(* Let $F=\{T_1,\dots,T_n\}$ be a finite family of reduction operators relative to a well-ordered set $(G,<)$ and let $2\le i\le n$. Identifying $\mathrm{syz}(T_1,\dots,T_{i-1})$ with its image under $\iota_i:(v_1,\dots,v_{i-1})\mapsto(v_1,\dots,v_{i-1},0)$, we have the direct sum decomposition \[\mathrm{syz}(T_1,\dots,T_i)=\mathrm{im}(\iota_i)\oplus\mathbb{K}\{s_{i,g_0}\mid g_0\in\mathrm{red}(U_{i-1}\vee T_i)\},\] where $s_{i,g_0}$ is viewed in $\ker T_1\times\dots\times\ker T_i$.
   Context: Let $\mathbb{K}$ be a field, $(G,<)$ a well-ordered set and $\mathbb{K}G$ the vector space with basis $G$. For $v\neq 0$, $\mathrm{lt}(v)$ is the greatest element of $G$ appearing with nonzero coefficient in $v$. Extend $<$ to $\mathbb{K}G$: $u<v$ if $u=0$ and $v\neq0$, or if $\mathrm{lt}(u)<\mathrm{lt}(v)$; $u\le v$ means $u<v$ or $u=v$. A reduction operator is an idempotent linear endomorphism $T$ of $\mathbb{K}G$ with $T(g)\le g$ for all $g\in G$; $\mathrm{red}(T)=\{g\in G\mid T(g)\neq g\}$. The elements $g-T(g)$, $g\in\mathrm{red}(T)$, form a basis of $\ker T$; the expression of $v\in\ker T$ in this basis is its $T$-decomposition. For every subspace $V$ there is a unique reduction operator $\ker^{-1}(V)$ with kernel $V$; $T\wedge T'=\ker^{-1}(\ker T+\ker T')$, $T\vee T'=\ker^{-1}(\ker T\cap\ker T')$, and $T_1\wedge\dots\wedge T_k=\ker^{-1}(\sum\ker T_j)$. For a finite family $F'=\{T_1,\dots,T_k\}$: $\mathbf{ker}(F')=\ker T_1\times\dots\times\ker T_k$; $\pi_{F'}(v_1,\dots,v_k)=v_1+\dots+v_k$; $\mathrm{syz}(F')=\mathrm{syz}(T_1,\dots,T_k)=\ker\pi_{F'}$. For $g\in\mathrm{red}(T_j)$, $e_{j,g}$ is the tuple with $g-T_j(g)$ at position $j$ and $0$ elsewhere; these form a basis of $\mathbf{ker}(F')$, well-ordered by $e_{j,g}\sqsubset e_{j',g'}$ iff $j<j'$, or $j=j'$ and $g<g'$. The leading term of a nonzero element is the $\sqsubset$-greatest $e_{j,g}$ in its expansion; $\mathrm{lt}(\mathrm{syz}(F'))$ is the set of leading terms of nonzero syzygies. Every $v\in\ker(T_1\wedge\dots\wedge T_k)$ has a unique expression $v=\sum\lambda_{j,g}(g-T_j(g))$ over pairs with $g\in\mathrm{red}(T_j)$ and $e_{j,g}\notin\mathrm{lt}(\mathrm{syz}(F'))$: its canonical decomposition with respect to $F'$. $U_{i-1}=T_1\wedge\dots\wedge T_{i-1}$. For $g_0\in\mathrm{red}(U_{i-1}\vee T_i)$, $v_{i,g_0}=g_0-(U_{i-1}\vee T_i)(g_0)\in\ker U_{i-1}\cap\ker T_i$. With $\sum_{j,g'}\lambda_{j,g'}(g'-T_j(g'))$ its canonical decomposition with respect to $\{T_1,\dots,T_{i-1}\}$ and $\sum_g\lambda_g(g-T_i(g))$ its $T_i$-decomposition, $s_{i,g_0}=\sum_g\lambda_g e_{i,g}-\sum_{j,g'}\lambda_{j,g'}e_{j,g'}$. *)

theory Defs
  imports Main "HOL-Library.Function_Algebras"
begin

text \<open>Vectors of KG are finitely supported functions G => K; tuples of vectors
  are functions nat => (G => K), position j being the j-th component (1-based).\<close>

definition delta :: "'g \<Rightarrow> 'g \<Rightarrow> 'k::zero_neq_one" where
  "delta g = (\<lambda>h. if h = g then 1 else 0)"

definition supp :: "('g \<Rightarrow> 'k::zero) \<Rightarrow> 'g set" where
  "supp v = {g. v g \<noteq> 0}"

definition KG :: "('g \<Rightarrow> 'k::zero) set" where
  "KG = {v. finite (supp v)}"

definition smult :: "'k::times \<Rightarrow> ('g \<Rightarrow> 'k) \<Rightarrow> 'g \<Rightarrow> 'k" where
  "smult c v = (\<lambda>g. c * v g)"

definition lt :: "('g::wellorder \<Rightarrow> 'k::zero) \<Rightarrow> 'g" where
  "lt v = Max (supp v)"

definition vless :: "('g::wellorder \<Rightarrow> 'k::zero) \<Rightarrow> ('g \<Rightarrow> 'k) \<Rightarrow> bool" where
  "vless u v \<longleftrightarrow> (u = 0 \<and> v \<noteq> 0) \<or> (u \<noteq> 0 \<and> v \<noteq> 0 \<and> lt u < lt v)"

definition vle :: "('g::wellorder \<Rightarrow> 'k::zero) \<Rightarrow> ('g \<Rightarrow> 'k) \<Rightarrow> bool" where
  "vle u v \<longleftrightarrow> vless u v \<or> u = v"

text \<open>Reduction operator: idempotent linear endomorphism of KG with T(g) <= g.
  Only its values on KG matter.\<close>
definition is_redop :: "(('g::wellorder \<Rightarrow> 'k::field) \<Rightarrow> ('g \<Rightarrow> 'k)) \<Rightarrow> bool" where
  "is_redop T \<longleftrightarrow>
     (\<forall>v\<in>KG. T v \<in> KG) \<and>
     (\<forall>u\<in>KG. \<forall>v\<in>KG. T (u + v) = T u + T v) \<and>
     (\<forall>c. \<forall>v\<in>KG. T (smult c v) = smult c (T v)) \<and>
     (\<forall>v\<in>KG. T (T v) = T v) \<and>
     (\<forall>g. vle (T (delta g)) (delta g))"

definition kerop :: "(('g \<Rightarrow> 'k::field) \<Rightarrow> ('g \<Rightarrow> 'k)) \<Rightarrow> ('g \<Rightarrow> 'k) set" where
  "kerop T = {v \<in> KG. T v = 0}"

* * * * * * *

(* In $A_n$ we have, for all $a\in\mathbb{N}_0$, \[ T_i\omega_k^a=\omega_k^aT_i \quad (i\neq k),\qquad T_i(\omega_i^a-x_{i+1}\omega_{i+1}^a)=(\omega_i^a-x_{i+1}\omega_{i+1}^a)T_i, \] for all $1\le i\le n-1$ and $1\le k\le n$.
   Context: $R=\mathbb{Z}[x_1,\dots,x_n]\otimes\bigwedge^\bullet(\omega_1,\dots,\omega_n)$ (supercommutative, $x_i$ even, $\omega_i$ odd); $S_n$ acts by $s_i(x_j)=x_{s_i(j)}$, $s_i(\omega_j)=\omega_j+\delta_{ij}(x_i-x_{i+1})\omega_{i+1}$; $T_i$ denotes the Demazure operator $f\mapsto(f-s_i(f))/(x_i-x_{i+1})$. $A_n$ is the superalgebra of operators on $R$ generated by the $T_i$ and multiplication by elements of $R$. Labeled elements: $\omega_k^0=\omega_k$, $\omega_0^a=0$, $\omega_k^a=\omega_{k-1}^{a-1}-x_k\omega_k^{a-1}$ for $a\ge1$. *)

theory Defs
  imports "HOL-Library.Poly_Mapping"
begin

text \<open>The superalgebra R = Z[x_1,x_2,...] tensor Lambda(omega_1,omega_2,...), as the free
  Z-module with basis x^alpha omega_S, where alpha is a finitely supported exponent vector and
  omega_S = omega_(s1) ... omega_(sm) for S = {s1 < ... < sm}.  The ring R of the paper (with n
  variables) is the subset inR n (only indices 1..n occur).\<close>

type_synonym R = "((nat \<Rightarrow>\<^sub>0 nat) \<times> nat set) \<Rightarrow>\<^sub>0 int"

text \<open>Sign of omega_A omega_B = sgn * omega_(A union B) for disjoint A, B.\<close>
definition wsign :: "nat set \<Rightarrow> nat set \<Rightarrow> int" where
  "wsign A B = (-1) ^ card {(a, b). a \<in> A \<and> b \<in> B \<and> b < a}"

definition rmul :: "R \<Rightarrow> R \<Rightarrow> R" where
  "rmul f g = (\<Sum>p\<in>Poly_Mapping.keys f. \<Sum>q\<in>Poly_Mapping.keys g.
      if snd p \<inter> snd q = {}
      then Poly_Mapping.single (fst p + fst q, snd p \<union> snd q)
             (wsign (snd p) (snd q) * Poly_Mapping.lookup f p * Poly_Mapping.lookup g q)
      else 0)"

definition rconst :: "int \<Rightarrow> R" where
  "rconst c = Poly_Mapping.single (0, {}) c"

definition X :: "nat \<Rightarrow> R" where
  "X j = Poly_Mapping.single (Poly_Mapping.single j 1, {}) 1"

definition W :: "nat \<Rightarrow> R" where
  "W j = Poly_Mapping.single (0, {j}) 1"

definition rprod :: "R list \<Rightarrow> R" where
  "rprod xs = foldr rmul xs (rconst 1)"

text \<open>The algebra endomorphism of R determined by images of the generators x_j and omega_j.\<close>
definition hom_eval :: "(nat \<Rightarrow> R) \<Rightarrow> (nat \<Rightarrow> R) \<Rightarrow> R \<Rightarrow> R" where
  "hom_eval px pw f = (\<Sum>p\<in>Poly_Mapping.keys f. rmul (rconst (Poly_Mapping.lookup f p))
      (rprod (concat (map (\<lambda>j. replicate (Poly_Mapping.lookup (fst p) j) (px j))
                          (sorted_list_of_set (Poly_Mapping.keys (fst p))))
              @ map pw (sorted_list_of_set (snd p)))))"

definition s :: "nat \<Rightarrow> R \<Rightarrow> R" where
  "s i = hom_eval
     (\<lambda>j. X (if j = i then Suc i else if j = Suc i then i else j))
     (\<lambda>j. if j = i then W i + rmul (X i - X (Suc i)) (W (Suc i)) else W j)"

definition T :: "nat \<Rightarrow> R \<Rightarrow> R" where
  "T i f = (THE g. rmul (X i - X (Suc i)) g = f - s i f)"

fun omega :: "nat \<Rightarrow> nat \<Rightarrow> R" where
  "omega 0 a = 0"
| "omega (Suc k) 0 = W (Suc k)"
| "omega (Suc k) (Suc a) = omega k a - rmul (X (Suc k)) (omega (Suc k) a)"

* * * * * * *

**WHAT IS EXPECTED:** Please state how many lines in the records above hold the word "imports", giving only the number.

**WRITTEN SOLUTION:** 2